WHAT IS NEEDED: Would you please transcribe, exactly as written, the lines of the entries below starting at the one that holds "short exact sequences)\<close>" and ending at the one that holds "(x*y)*z -> x*(y*z)\<close>", both included?
-- GIVEN RECORDS follows --
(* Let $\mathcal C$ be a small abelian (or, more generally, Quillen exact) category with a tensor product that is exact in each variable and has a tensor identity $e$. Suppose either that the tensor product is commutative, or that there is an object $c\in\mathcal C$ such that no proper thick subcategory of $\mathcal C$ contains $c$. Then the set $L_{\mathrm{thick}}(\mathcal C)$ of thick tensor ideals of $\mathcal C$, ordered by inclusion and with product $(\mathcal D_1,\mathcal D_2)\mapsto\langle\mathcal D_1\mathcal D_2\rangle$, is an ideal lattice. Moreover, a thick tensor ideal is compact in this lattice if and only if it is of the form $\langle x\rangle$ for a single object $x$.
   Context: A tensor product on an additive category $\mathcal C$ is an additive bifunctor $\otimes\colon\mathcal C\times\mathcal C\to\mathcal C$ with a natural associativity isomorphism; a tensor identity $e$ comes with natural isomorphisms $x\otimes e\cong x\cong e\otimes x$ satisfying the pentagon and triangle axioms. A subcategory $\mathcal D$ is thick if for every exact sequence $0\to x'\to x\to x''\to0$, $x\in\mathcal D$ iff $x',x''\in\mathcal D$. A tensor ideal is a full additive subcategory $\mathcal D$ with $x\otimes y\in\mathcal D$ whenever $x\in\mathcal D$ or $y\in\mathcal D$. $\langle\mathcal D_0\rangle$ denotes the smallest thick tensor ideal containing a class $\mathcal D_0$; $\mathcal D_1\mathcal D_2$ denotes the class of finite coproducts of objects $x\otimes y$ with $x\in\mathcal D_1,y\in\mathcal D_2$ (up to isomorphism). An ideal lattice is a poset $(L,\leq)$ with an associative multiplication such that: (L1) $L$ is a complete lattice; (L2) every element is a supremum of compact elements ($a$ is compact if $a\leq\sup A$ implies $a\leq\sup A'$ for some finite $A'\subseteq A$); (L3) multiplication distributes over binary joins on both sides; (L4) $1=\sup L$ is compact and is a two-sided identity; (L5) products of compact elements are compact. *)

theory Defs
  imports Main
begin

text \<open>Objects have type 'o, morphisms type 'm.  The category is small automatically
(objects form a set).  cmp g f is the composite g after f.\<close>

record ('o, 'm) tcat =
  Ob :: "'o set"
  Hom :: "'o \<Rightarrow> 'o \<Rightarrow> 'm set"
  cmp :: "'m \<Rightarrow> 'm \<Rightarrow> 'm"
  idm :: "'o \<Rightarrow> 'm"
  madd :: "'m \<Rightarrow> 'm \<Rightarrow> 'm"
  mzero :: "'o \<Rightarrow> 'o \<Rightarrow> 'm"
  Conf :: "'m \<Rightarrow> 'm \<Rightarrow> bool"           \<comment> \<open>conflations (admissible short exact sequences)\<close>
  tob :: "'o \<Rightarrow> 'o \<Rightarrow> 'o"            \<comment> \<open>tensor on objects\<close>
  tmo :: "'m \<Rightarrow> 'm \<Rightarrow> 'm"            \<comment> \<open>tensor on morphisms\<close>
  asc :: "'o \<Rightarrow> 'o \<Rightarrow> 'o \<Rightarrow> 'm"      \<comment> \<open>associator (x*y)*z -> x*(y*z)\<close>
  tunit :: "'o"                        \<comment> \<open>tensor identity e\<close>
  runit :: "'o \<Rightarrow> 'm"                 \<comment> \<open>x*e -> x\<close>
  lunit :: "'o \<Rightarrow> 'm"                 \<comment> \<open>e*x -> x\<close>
-- GIVEN RECORDS concluded --
RESPONSE AREA:
  Conf :: "'m \<Rightarrow> 'm \<Rightarrow> bool"           \<comment> \<open>conflations (admissible short exact sequences)\<close>
  tob :: "'o \<Rightarrow> 'o \<Rightarrow> 'o"            \<comment> \<open>tensor on objects\<close>
  tmo :: "'m \<Rightarrow> 'm \<Rightarrow> 'm"            \<comment> \<open>tensor on morphisms\<close>
  asc :: "'o \<Rightarrow> 'o \<Rightarrow> 'o \<Rightarrow> 'm"      \<comment> \<open>associator (x*y)*z -> x*(y*z)\<close>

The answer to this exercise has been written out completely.